\(\left\langle {\Psi}\middle|{\Psi}\right\rangle =1\) Identify and discuss the dimensions of \(\left|{\Psi}\right\rangle \).
Taking the Hermitian adjoint of a ket does not change the dimensions/units of the ket, so since the bracket is dimensionless, the ket \(\left|{\psi}\right\rangle \) is also dimensionless.
For a spin-\(\frac{1}{2}\) system, \(\left\langle {\Psi}\middle|{+}\right\rangle \left\langle {+}\middle|{\Psi}\right\rangle + \left\langle {\Psi}\middle|{-}\right\rangle \left\langle {-}\middle|{\Psi}\right\rangle =1\). Identify and discuss the dimensions of \(\left|{+}\right\rangle \) and \(\left|{-}\right\rangle \).

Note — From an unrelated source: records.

lemma psd_left_invertible_imp_pd:
  fixes M X :: "real mat"
  assumes M: "M \<in> carrier_mat m m" and sym: "transpose_mat M = M" and psd: "psd m M"
    and X: "X \<in> carrier_mat m m" and XM: "X * M = c \<cdot>\<^sub>m 1\<^sub>m m" and c: "c \<noteq> 0"
  shows "pd m M"
  unfolding pd_def
proof (intro conjI ballI impI)
  fix x :: "real vec"
  assume x: "x \<in> carrier_vec m" and x0: "x \<noteq> 0\<^sub>v m"
  show "0 < x \<bullet> (M *\<^sub>v x)"
  proof (rule ccontr)
    assume "\<not> 0 < x \<bullet> (M *\<^sub>v x)"
    hence "x \<bullet> (M *\<^sub>v x) = 0" using psd x unfolding psd_def by force
    hence "M *\<^sub>v x = 0\<^sub>v m" by (rule psd_quad_form_eq_0_imp_kernel[OF M sym psd x])
    hence "(X * M) *\<^sub>v x = 0\<^sub>v m" using X M x by (auto simp: assoc_mult_mat_vec)
    hence "c \<cdot>\<^sub>v x = 0\<^sub>v m" unfolding XM smult_one_mult_mat_vec[OF x] .
    hence "x = 0\<^sub>v m"
      using c x by (intro eq_vecI) (auto dest!: vec_eq_iff[THEN iffD1])
    with x0 show False ..
  qed
qed (rule M)

lemma pd_one_mat: "pd m (1\<^sub>m m)"
  unfolding pd_def using conjugate_square_greater_0_vec[where 'a = real] by auto

section \<open>Products of positive definite matrices\<close>

definition hermitian_form :: "nat \<Rightarrow> complex mat \<Rightarrow> complex vec \<Rightarrow> complex" where
  "hermitian_form m M x = (\<Sum>i<m. \<Sum>j<m. cnj (x $ i) * M $$ (i,j) * x $ j)"

lemma hermitian_form_mult_mat_vec:
  assumes "M \<in> carrier_mat m m" "x \<in> carrier_vec m"
  shows "hermitian_form m M x = (\<Sum>i<m. cnj (x $ i) * (M *\<^sub>v x) $ i)"
  unfolding hermitian_form_def using assms
  by (simp add: scalar_prod_def atLeast0LessThan sum_distrib_left mult.assoc)

lemma pd_hermitian_form_pos:
  fixes M :: "real mat"
  assumes M: "M \<in> carrier_mat m m" and sym: "transpose_mat M = M" and pd: "pd m M"
    and x: "x \<in> carrier_vec m" and x0: "x \<noteq> 0\<^sub>v m"
  obtains p where "p > 0" "hermitian_form m (map_mat complex_of_real M) x = complex_of_real p"
proof -
  define a where "a = vec m (\<lambda>i. Re (x $ i))"
  define b where "b = vec m (\<lambda>i. Im (x $ i))"
  have a: "a \<in> carrier_vec m" and b: "b \<in> carrier_vec m" unfolding a_def b_def by auto
  have form: "hermitian_form m (map_mat complex_of_real M) x
      = complex_of_real (a \<bullet> (M *\<^sub>v a) + b \<bullet> (M *\<^sub>v b))"
  proof (rule complex_eqI)
    show "Re (hermitian_form m (map_mat complex_of_real M) x)
        = Re (complex_of_real (a \<bullet> (M *\<^sub>v a) + b \<bullet> (M *\<^sub>v b)))"
      unfolding hermitian_form_def scalar_prod_mult_mat_vec_sum[OF M a a]
        scalar_prod_mult_mat_vec_sum[OF M b b] using M
      by (simp add: a_def b_def sum.distrib algebra_simps)
    have "Im (hermitian_form m (map_mat complex_of_real M) x) = a \<bullet> (M *\<^sub>v b) - b \<bullet> (M *\<^sub>v a)"
      unfolding hermitian_form_def scalar_prod_mult_mat_vec_sum[OF M a b]
        scalar_prod_mult_mat_vec_sum[OF M b a] using M
      by (simp add: a_def b_def sum_subtractf algebra_simps)
    thus "Im (hermitian_form m (map_mat complex_of_real M) x)
        = Im (complex_of_real (a \<bullet> (M *\<^sub>v a) + b \<bullet> (M *\<^sub>v b)))"
      using symmetric_scalar_prod_mult_mat_vec[OF M sym a b] by simp
  qed
  have "a \<noteq> 0\<^sub>v m \<or> b \<noteq> 0\<^sub>v m"
  proof (rule ccontr)
    assume "\<not> ?thesis"
    hence "x = 0\<^sub>v m"
      using x by (intro eq_vecI) (auto simp: a_def b_def complex_eq_iff dest!: vec_eq_iff[THEN iffD1])
    with x0 show False ..
  qed
  hence "0 < a \<bullet> (M *\<^sub>v a) + b \<bullet> (M *\<^sub>v b)"
    using pd a b pd_quad_form_nonneg[OF pd a] pd_quad_form_nonneg[OF pd b]
    unfolding pd_def by (auto intro: add_pos_nonneg add_nonneg_pos)
  with form that show ?thesis by blast
qed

Similar to the previous part, each term of the left hand side must be dimensionless. Therefore, the spin states \(\left|{+}\right\rangle \), and \(\left|{-}\right\rangle \) are both dimensionless.
In the position basis \(\int \left\langle {\Psi}\middle|{x}\right\rangle \left\langle {x}\middle|{\Psi}\right\rangle dx = 1\). Identify and discuss the dimesions of \(\left|{x}\right\rangle \).
Here, the integral is dimensionless, but the \(dx\) introduces dimensions of length. We already know the \(\left|{\Psi}\right\rangle \) is dimensionless, so \(\left|{x}\right\rangle \) must have dimensions of inverse square root length, \(1/\sqrt{L}\).
\[\int \left\langle {\Psi}\right|\underbrace{\left|{x}\right\rangle }_{(\frac{1}{\sqrt{L}})}\underbrace{\left\langle {x}\right|}_{(\frac{1}{\sqrt{L}})}\left|{\Psi}\right\rangle \underbrace{dx}_{L} = 1\]